Squared of centimeter
of centimeeee tor
It is luuuuuuminous
The guardian
Watching in . . .

After two minutes of movement and poetry, he sits at the piano, whispers a few words, hides his face behind the piano, then pokes his head up, turns, looks away from the piano, and plays one solitary note. He then puts his hand under his chin to ponder it all.

Cecil’s body was strong as an Olympic athlete’s: trained, running and striding, jabbing his index and middle fingers of both hands up and down—a kind of Jesse Owens of the keyboard. He migrated across the eighty-eight keys.

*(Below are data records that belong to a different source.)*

primrec ladmp_xuy :: "(real^'n \<Rightarrow> ereal) \<Rightarrow> (real^'m \<Rightarrow> ereal) \<Rightarrow> real^'n^'m \<Rightarrow> real \<Rightarrow> real
    \<Rightarrow> real^'n \<Rightarrow> real^'m \<Rightarrow> real^'m \<Rightarrow> nat \<Rightarrow> (real^'n) \<times> (real^'m) \<times> (real^'m)" where
  "ladmp_xuy f g A \<tau> \<sigma> x0 u0 y0 0 = (x0, u0, y0)"
| "ladmp_xuy f g A \<tau> \<sigma> x0 u0 y0 (Suc k) =
     (let (x, u, y) = ladmp_xuy f g A \<tau> \<sigma> x0 u0 y0 k;
          x' = prox f \<tau> (x - \<tau> *\<^sub>R gradx_QP A \<sigma> x u y);
          u' = prox g (1/\<sigma>) ((1/\<sigma>) *\<^sub>R y + A *v x');
          y' = y - \<sigma> *\<^sub>R (u' - A *v x')
      in (x', u', y'))"

end

theory Submission
  imports Defs
begin

(*
  The link is the Moreau decomposition
      prox^{g*}_sigma(v) = v - sigma prox^g_{1/sigma}(v/sigma),
  which turns the dual step of CP into the u- and y-steps of LADMP.  Once this is
  known, an induction shows the invariant  x^k, y^k agree  and
  ybar^k = y^k - sigma (u^k - A x^k);  with this invariant the x-steps of the two
  methods coincide, because grad_x Q(x,u,y) = A^T (y - sigma (u - A x)).
*)

section \<open>Proximal points\<close>

definition prox_point :: "('a::real_normed_vector \<Rightarrow> ereal) \<Rightarrow> real \<Rightarrow> 'a \<Rightarrow> 'a \<Rightarrow> bool" where
  "prox_point h \<gamma> x p \<longleftrightarrow>
     (\<forall>w. h p + ereal (norm (p - x)^2 / (2*\<gamma>)) \<le> h w + ereal (norm (w - x)^2 / (2*\<gamma>)))"

lemma prox_as_the_prox_point: "prox h \<gamma> x = (THE p. prox_point h \<gamma> x p)"
  by (simp add: prox_def prox_point_def)

lemma proper_fun_real_value:
  assumes "proper_fun h" "h z \<noteq> \<infinity>"
  obtains r where "h z = ereal r"
  using assms by (cases "h z") (auto simp: proper_fun_def)

lemma convex_fun_combination:
  assumes "convex_fun h" "h a = ereal ra" "h b = ereal rb" "0 \<le> t" "t \<le> 1"
  shows "h ((1 - t) *\<^sub>R a + t *\<^sub>R b) \<le> ereal ((1 - t) * ra + t * rb)"
proof -
  have "(a, ra) \<in> {(x, t). h x \<le> ereal t}" "(b, rb) \<in> {(x, t). h x \<le> ereal t}"
    using assms by auto
  from convexD[OF assms(1)[unfolded convex_fun_def] this, of "1 - t" t]
  show ?thesis using assms by auto
qed

lemma norm_add_scaleR_square:
  fixes u d :: "'a::real_inner"
  shows "norm (u + t *\<^sub>R d)^2 = norm u ^2 + 2 * t * (u \<bullet> d) + t^2 * norm d ^2"
  unfolding power2_norm_eq_inner
  by (simp add: inner_add_left inner_add_right inner_commute algebra_simps power2_eq_square)

lemma le_of_le_plus_small_multiples:
  fixes a b c :: real
  assumes le: "\<And>t. 0 < t \<Longrightarrow> t \<le> 1 \<Longrightarrow> a \<le> b + t * c" and "0 \<le> c"
  shows "a \<le> b"
proof (rule field_le_epsilon)
  fix e :: real assume "0 < e"
  define t where "t = min 1 (e / (c + 1))"
  have t: "0 < t" "t \<le> 1" using \<open>0 < e\<close> \<open>0 \<le> c\<close> by (auto simp: t_def)
  have "t * c \<le> e / (c + 1) * c" using \<open>0 \<le> c\<close> by (intro mult_right_mono) (auto simp: t_def)
  also have "\<dots> \<le> e" using \<open>0 < e\<close> \<open>0 \<le> c\<close> by (simp add: field_simps)
  finally show "a \<le> b + e" using le[OF t] by simp
qed
lemma rescale_esssup_le:
  assumes meas: "u \<in> borel_measurable (lebesgue_on I)"
  shows "(\<lambda>z. u (1/4 + z/4)) \<in> borel_measurable (lebesgue_on {0..1})"
    "esssup (lebesgue_on {0..1}) (\<lambda>z. ereal \<bar>u (1/4 + z/4)\<bar>) \<le> ess_sup_tail I u (1/4)"
proof -
  define e where "e = ess_sup_tail I u (1/4)"
  define U where "U y = indicator I y * u y" for y
  have [measurable]: "U \<in> borel_measurable lebesgue"
    using meas borel_measurable_restrict_space_iff[of I lebesgue u] by (simp add: U_def[abs_def])
  have U_eq: "U (1/4 + z/4) = u (1/4 + z/4)" if "z \<in> {0..1}" for z
  proof -
    have "1/4 + z/4 \<in> I" using that by (intro unit_interval_in_I) auto
    then show ?thesis by (simp add: U_def)
  qed
  have "(\<lambda>z. U (1/4 + (1/4) *\<^sub>R z)) \<in> borel_measurable lebesgue"
    by (intro borel_measurable_affine) auto
  then have "(\<lambda>z. U (1/4 + z/4)) \<in> borel_measurable (lebesgue_on {0..1})"
    by (auto intro: measurable_restrict_space1)
  then show rescale_meas: "(\<lambda>z. u (1/4 + z/4)) \<in> borel_measurable (lebesgue_on {0..1})"
    by (rule measurable_cong[THEN iffD1, rotated]) (simp add: U_eq)
  have "AE y in lebesgue_on ({1/4..} \<inter> I). ereal \<bar>u y\<bar> \<le> e"
    unfolding e_def ess_sup_tail_def by (rule esssup_AE)
  then have "AE y in lebesgue. y \<in> {1/4..} \<inter> I \<longrightarrow> ereal \<bar>u y\<bar> \<le> e"
    by (simp add: AE_lebesgue_on_iff atLeast_Int_sets_lebesgue)
  then have "AE y in lebesgue. y \<in> {1/4..1/2} \<longrightarrow> ereal \<bar>U y\<bar> \<le> e"
    by eventually_elim (auto simp: U_def unit_interval_in_I)
  then have "AE y in lebesgue_on {1/4..1/2}. ereal \<bar>U y\<bar> \<le> e"
    by (simp add: AE_lebesgue_on_iff)
  moreover have "{y. ereal \<bar>U y\<bar> \<le> e} \<in> sets lebesgue"
    by (intro sets_lebesgue_Collect) measurable
  ultimately have "AE z in lebesgue_on {0..1}. ereal \<bar>U (1/4 + z/4)\<bar> \<le> e"
    using AE_lebesgue_on_affine_iff[of "1/4" "1/2" "\<lambda>y. ereal \<bar>U y\<bar> \<le> e"] by simp
  moreover have "AE z in lebesgue_on {0..1}. z \<in> {0..1}"
    by (rule AE_I2) simp
  ultimately have "AE z in lebesgue_on {0..1}. ereal \<bar>u (1/4 + z/4)\<bar> \<le> e"
    by eventually_elim (simp add: U_eq)
  then show "esssup (lebesgue_on {0..1}) (\<lambda>z. ereal \<bar>u (1/4 + z/4)\<bar>) \<le> e"
    using rescale_meas by (intro esssup_I) auto
qed

lemma rescale_in_Linf_01:
  assumes u: "u \<in> tilde_space I X"
  shows "(\<lambda>z. u (1/4 + z/4)) \<in> Linf_01" "Linf_norm (\<lambda>z. u (1/4 + z/4)) \<le> dec_major I u (1/4)"
proof -
  have meas: "u \<in> borel_measurable (lebesgue_on I)" and finite: "ess_sup_tail I u (1/4) < \<infinity>"
    using u unit_interval_in_I[of "1/4"] unfolding tilde_space_def by auto
  note rescale = rescale_esssup_le[OF meas]
  with finite show "(\<lambda>z. u (1/4 + z/4)) \<in> Linf_01"
    unfolding Linf_01_def by auto
  show "Linf_norm (\<lambda>z. u (1/4 + z/4)) \<le> dec_major I u (1/4)"
    using rescale(2) finite ess_sup_tail_bot_or_nonneg[OF meas, of "1/4"]
    unfolding Linf_norm_def dec_major_def by (rule real_of_ereal_mono_bot_or_nonneg)
qed

lemma compress_tilde_space:
  assumes f: "f \<in> Linf_01"
    and indicator_half: "indicator {0..1/2} \<in> X" and indicator_quarter: "indicator {0<..1/4} \<in> X"
  shows "compress f \<in> tilde_space I X"
    "N (indicator {0<..1/4}) * Linf_norm f \<le> tilde_norm I N (compress f)"
    "tilde_norm I N (compress f) \<le> N (indicator {0..1/2}) * Linf_norm f"
proof -
  have f_meas: "f \<in> borel_measurable (lebesgue_on {0..1})"
    using f by (simp add: Linf_01_def)
  have meas: "compress f \<in> borel_measurable (lebesgue_on I)"
    using compress_measurable[OF f_meas] by (rule measurable_restrict_space1)
  have AE_bound: "AE x in lebesgue_on I. \<bar>compress f x\<bar> \<le> Linf_norm f"
    unfolding AE_lebesgue_on_iff[OF sets_I] using compress_Linf_AE_bound[OF f] by eventually_elim simp
  have support: "\<And>y. 1/2 < y \<Longrightarrow> compress f y = 0"
    by (simp add: compress_def)
  note bounded = tilde_space_of_bounded_support[OF meas Linf_norm_nonneg[OF f] AE_bound support indicator_half]
  show tilde: "compress f \<in> tilde_space I X"
    and "tilde_norm I N (compress f) \<le> N (indicator {0..1/2}) * Linf_norm f"
    using bounded by (simp_all add: mult.commute)
  have "Linf_norm (\<lambda>z. compress f (1/4 + z/4)) = Linf_norm f"
    unfolding Linf_norm_def using rescale_esssup_le(1)[OF meas] f_meas
    by (subst esssup_AE_cong) (auto intro!: AE_I2 simp: compress_at_affine)
  then have "Linf_norm f \<le> dec_major I (compress f) (1/4)"
    using rescale_in_Linf_01(2)[OF tilde] by simp
  then have "Linf_norm f * N (indicator {0<..1/4}) \<le> dec_major I (compress f) (1/4) * N (indicator {0<..1/4})"
    using banach_ideal_space_norm_nonneg[OF banach_ideal indicator_quarter] by (rule mult_right_mono)
  also have "\<dots> \<le> tilde_norm I N (compress f)"
    by (rule tilde_norm_ge[OF tilde unit_interval_in_I _ indicator_quarter]) auto
  finally show "N (indicator {0<..1/4}) * Linf_norm f \<le> tilde_norm I N (compress f)"
    by (simp add: mult.commute)
qed

lemma indicator_Ioc_in_space:
  assumes "indicator {0..y} \<in> X"
  shows "indicator {0<..y} \<in> X"
proof (rule banach_ideal_space_dominated(1)[OF banach_ideal])
  show "indicator {0<..y} \<in> borel_measurable (lebesgue_on I)"
    by (intro measurable_restrict_space1 borel_measurable_indicator) simp
  show "indicator {0..y} \<in> X" by fact
  show "\<bar>indicator {0<..y} x :: real\<bar> \<le> 1 * \<bar>indicator {0..y} x\<bar>" for x :: real
    by (simp add: indicator_def)
qed simp

lemma tilde_space_complemented_Linf:
  assumes indicator_half: "indicator {0..1/2} \<in> X" and "indicator {0..1/4} \<in> X"
  shows "has_complemented_copy (tilde_space I X) (tilde_norm I N) Linf_01 Linf_norm"
proof -
  have indicator_quarter: "indicator {0<..1/4} \<in> X"
    using assms(2) by (rule indicator_Ioc_in_space)
  let ?c = "N (indicator {0<..1/4})" and ?C = "N (indicator {0..1/2})"
  have "0 < ?c"
    using unit_interval_subset
    by (intro banach_ideal_space_norm_pos[OF banach_ideal indicator_quarter] not_AE_indicator_eq_0) auto
  have "0 \<le> ?C" by (rule banach_ideal_space_norm_nonneg[OF banach_ideal indicator_half])
  note compress = compress_tilde_space[OF _ indicator_half indicator_quarter]
  have factors: "(\<lambda>z. u (1/4 + z/4)) \<in> Linf_01 \<and> cutoff u = compress (\<lambda>z. u (1/4 + z/4))"
    if "u \<in> tilde_space I X" for u
    using rescale_in_Linf_01(1)[OF that] cutoff_eq_compress by blast
  have "tilde_norm I N (cutoff u) \<le> ?C / ?c * tilde_norm I N u" if u: "u \<in> tilde_space I X" for u
  proof -
    note rescale = rescale_in_Linf_01[OF u]
    have "tilde_norm I N (cutoff u) \<le> ?C * Linf_norm (\<lambda>z. u (1/4 + z/4))"
      unfolding cutoff_eq_compress by (rule compress(3)[OF rescale(1)])
    also have "\<dots> \<le> ?C * dec_major I u (1/4)"
      using rescale(2) \<open>0 \<le> ?C\<close> by (rule mult_left_mono)
    also have "\<dots> \<le> ?C * (tilde_norm I N u / ?c)"
      using tilde_norm_ge[OF u unit_interval_in_I _ indicator_quarter] \<open>0 < ?c\<close> \<open>0 \<le> ?C\<close>
      by (intro mult_left_mono) (auto simp: field_simps)
    finally show ?thesis by simp
  qed
  then show ?thesis
    using \<open>0 < ?c\<close> compress factors
    by (intro has_complemented_copyI[where T = compress and P = cutoff and R = "\<lambda>u z. u (1/4 + z/4)"
          and K = "?C / ?c"])
      (auto simp: tilde_norm_zero compress_linear cutoff_linear cutoff_compress)
qed

lemma tilde_space_nontrivial:
  assumes "indicator {0..1/2} \<in> X"
  shows "\<exists>f\<in>tilde_space I X. \<not> (AE x in lebesgue_on I. f x = 0)"
proof
  show "indicator {1/4..1/2} \<in> tilde_space I X"
    using assms
    by (intro tilde_space_of_bounded_support(1)[where D = 1 and b = "1/2"] measurable_restrict_space1
        borel_measurable_indicator) auto
  show "\<not> (AE x in lebesgue_on I. (indicator {1/4..1/2} x :: real) = 0)"
    using unit_interval_subset by (intro not_AE_indicator_eq_0) auto
qed

end

section \<open>The Cesaro space CX\<close>

lemma cesaro_abs_measurable:
  fixes g :: "real \<Rightarrow> real"
  assumes g: "integrable lebesgue g"
  shows "cesaro (\<lambda>t. \<bar>g t\<bar>) \<in> borel_measurable (lebesgue_on S)"
proof -
  define G where "G x = integral\<^sup>L (lebesgue_on {0..x}) (\<lambda>t. \<bar>g t\<bar>)" for x
  have "integrable (lebesgue_on {0..x}) g" for x
    using integrable_mult_indicator[OF _ g, of "{0..x}"] by (simp add: integrable_lebesgue_on_iff)
  then have "mono G"
    unfolding G_def by (intro monoI integral_lebesgue_on_mono_set) auto
  then have "(\<lambda>x. G x / x) \<in> borel_measurable borel"
    using borel_measurable_mono by measurable
  moreover have "cesaro (\<lambda>t. \<bar>g t\<bar>) = (\<lambda>x. G x / x)"
    unfolding cesaro_def G_def by auto
  ultimately show ?thesis by (simp add: borel_measurable_lebesgue_on_of_borel)
qed

lemma cesaro_abs_of_supported:
  fixes g :: "real \<Rightarrow> real"
  assumes g: "integrable lebesgue g" and support: "\<And>y. y < a \<Longrightarrow> g y = 0"
  shows "\<And>x. x < a \<Longrightarrow> cesaro (\<lambda>t. \<bar>g t\<bar>) x = 0"
    "\<And>x. 0 < x \<Longrightarrow> \<bar>cesaro (\<lambda>t. \<bar>g t\<bar>) x\<bar> \<le> (\<integral>t. \<bar>g t\<bar> \<partial>lebesgue) / x"
proof -
  fix x :: real
  have integral_eq: "integral\<^sup>L (lebesgue_on {0..x}) (\<lambda>t. \<bar>g t\<bar>) = (\<integral>t. \<bar>g t\<bar> * indicator {0..x} t \<partial>lebesgue)"
    by (simp add: integral_lebesgue_on_eq mult.commute)
  {
    assume "x < a"
    then have "(\<lambda>t. \<bar>g t\<bar> * indicator {0..x} t) = (\<lambda>t. 0)"
      using support by (auto simp: fun_eq_iff indicator_def)
    then show "cesaro (\<lambda>t. \<bar>g t\<bar>) x = 0"
      unfolding cesaro_def integral_eq by simp
  }
  assume "0 < x"
  have "0 \<le> (\<integral>t. \<bar>g t\<bar> * indicator {0..x} t \<partial>lebesgue)"
    by (rule integral_nonneg_AE) simp
  moreover have "(\<integral>t. \<bar>g t\<bar> * indicator {0..x} t \<partial>lebesgue) \<le> (\<integral>t. \<bar>g t\<bar> \<partial>lebesgue)"
    using g by (intro integral_mono integrable_real_mult_indicator) (auto simp: indicator_def)
  ultimately show "\<bar>cesaro (\<lambda>t. \<bar>g t\<bar>) x\<bar> \<le> (\<integral>t. \<bar>g t\<bar> \<partial>lebesgue) / x"
    using \<open>0 < x\<close> unfolding cesaro_def integral_eq by (simp add: divide_right_mono)
qed

locale cesaro_bounded_ideal_space = ideal_space_on_interval +
  assumes cesaro_bounded: "cesaro_bounded I X N"
begin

Nothing is static or anticipated, but his love for the spirituals, and for the great singers and poets and choreographers, informed it all.

In the film, he criticizes the powers that support the “million sellers”; he understands that his career has limited his opportunities. The club setting allows audiences to settle in close to the musician, focusing on the listening experience. Cecil depended on the listener’s mind to understand that he was making his own language. His words and phrases repeat across the piano. They stop, move in opposition or in unison. Saying the word again, he makes it short, long, loud, or soft. He misses part of a word—or maybe that is the word?

Later, while gracefully smoking, he declares: “When you are out there making art and accepting the final responsibility that your livelihood depends upon it, then you go forward into it, but you also come to understand that nobody really asked you do to this.” Indeed, Cecil was not asked to “do this,” but he damn well made sure we paid attention to him when he did. Amen

Jason Moran is the Artistic Director for Jazz at The John F. Kennedy Center for The Performing Arts in Washington, DC.